lemma reachable_delete_edge_iff:
  assumes e: "e \<in> E" and ab: "a \<in> {1..n}" "b \<in> {1..n}"
  shows "reachable (E - {e}) a b \<longleftrightarrow> (a \<in> Hd e \<longleftrightarrow> b \<in> Hd e)"
proof
  assume ab_reach: "reachable (E - {e}) a b"
  have "reachable (E - {e}) (Max e) a \<longleftrightarrow> reachable (E - {e}) (Max e) b"
    using reachable_trans[OF _ ab_reach] reachable_trans[OF _ reachable_sym[OF ab_reach]] by blast
  then show "a \<in> Hd e \<longleftrightarrow> b \<in> Hd e"
    using ab unfolding head_comp_eq by simp
next
  assume "a \<in> Hd e \<longleftrightarrow> b \<in> Hd e"
  then consider "a \<in> Hd e" "b \<in> Hd e" | "a \<in> Tl e" "b \<in> Tl e"
    using in_tail_iff[OF e] ab by blast
  then show "reachable (E - {e}) a b"
  proof cases
    case 1
    then have "reachable (E - {e}) (Max e) a" "reachable (E - {e}) (Max e) b"
      unfolding head_comp_eq by simp_all
    then show ?thesis
      using reachable_sym reachable_trans by metis
  next
    case 2
    then have "reachable (E - {e}) (Min e) a" "reachable (E - {e}) (Min e) b"
      unfolding tail_comp_eq by simp_all
    then show ?thesis
      using reachable_sym reachable_trans by metis
  qed
qed

lemma edge_ends_same_side:
  assumes "e \<in> E" and "f \<in> E" and "f \<noteq> e"
  shows "Min e \<in> Hd f \<longleftrightarrow> Max e \<in> Hd f"
proof -
  have "{Min e, Max e} \<in> E - {f}"
    using assms edge_Min_Max(1)[of e] by auto
  then have "reachable (E - {f}) (Min e) (Max e)"
    by (rule reachable_edge)
  then show ?thesis
    using reachable_delete_edge_iff[OF assms(2) edge_Min_Max(3,4)[OF assms(1)]] by simp
qed

section \<open>Paths in a tree\<close>

lemma path_edge_separating:
  assumes p: "path E xs" and k: "Suc k < length xs"
  shows "{xs ! k, xs ! Suc k} \<in> E" and "\<not> reachable (E - {{xs ! k, xs ! Suc k}}) (hd xs) (last xs)"
proof -
  let ?e = "{xs ! k, xs ! Suc k}"
  show e: "?e \<in> E"
    using p k by (auto simp: path_def walk_def)
  have "xs ! k \<noteq> xs ! Suc k"
    using p k by (auto simp: path_def nth_eq_iff_index_eq)
  then have not_adjacent: "\<not> reachable (E - {?e}) (xs ! k) (xs ! Suc k)"
    using not_reachable_delete_edge[OF e] by simp
  have to_hd: "reachable (E - {?e}) (xs ! k) (hd xs)"
    by (rule reachable_sym[OF path_split_at_edge(1)[OF p k]])
  have from_last: "reachable (E - {?e}) (last xs) (xs ! Suc k)"
    by (rule reachable_sym[OF path_split_at_edge(2)[OF p k]])
  show "\<not> reachable (E - {?e}) (hd xs) (last xs)"
  proof
    assume "reachable (E - {?e}) (hd xs) (last xs)"
    then show False
      using not_adjacent reachable_trans[OF reachable_trans[OF to_hd] from_last] by blast
  qed
qed

lemma path_edges_separating:
  assumes p: "path E xs" and ij: "hd xs = i" "last xs = j"
  shows "{{xs ! k, xs ! Suc k} | k. Suc k < length xs} = {e \<in> E. \<not> reachable (E - {e}) i j}"
proof (intro equalityI subsetI)
  fix e
  assume "e \<in> {{xs ! k, xs ! Suc k} | k. Suc k < length xs}"
  then obtain k where "Suc k < length xs" "e = {xs ! k, xs ! Suc k}"
    by blast
  then show "e \<in> {e \<in> E. \<not> reachable (E - {e}) i j}"
    using path_edge_separating[OF p] ij by simp
next
  fix e
  assume e: "e \<in> {e \<in> E. \<not> reachable (E - {e}) i j}"
  show "e \<in> {{xs ! k, xs ! Suc k} | k. Suc k < length xs}"
  proof (rule ccontr)
    assume "e \<notin> {{xs ! k, xs ! Suc k} | k. Suc k < length xs}"
    then have "walk (E - {e}) xs"
      using p by (intro walk_delete_edge) (auto simp: path_def)
    then show False
      using e ij unfolding reachable_def by blast
  qed
qed

lemma unique_separating_edge_at:
  assumes i: "i \<in> {1..n}" and j: "j \<in> {1..n}" and "i \<noteq> j"
  shows "\<exists>!e. e \<in> E \<and> i \<in> e \<and> \<not> reachable (E - {e}) i j"
proof -
  obtain ps where ps: "path E ps" "hd ps = i" "last ps = j"
    using connected_reachable[OF i j] by (rule reachable_imp_path)
  have "ps \<noteq> [i]"
  proof
    assume "ps = [i]"
    then show False
      using ps \<open>i \<noteq> j\<close> by simp
  qed
  with ps obtain y r where ps_eq: "ps = i # y # r"
    by (cases ps; cases "tl ps") (auto simp: path_def)
  note sep = path_edges_separating[OF ps]
  show ?thesis
  proof (rule ex1I)
    have "{i, y} \<in> {{ps ! k, ps ! Suc k} | k. Suc k < length ps}"
      unfolding ps_eq by (intro CollectI exI[of _ 0]) simp
    then show "{i, y} \<in> E \<and> i \<in> {i, y} \<and> \<not> reachable (E - {{i, y}}) i j"
      unfolding sep by simp
  next
    fix e
    assume e: "e \<in> E \<and> i \<in> e \<and> \<not> reachable (E - {e}) i j"
    then obtain k where k: "Suc k < length ps" "e = {ps ! k, ps ! Suc k}"
      using sep by blast
    \<comment> \<open>\<open>i\<close> occurs in the path only at position 0\<close>
    have "ps ! 0 = i"
      using ps_eq by simp
    then have "ps ! k = ps ! 0 \<or> ps ! Suc k = ps ! 0"
      using e k by auto
    moreover have "distinct ps" "ps \<noteq> []"
      using ps(1) ps_eq by (simp_all add: path_def)
    ultimately have "k = 0"
      using k(1) nth_eq_iff_index_eq[of ps k 0] nth_eq_iff_index_eq[of ps "Suc k" 0] by auto
    then show "e = {i, y}"
      using k ps_eq by simp
  qed
qed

------------------------------

The answer must be the line containing "unfolding sep by simp" and every line after it to the end of the records, repeated exactly.

      unfolding sep by simp
  next
    fix e
    assume e: "e \<in> E \<and> i \<in> e \<and> \<not> reachable (E - {e}) i j"
    then obtain k where k: "Suc k < length ps" "e = {ps ! k, ps ! Suc k}"
      using sep by blast
    \<comment> \<open>\<open>i\<close> occurs in the path only at position 0\<close>
    have "ps ! 0 = i"
      using ps_eq by simp
    then have "ps ! k = ps ! 0 \<or> ps ! Suc k = ps ! 0"
      using e k by auto
    moreover have "distinct ps" "ps \<noteq> []"
      using ps(1) ps_eq by (simp_all add: path_def)
    ultimately have "k = 0"
      using k(1) nth_eq_iff_index_eq[of ps k 0] nth_eq_iff_index_eq[of ps "Suc k" 0] by auto
    then show "e = {i, y}"
      using k ps_eq by simp
  qed
qed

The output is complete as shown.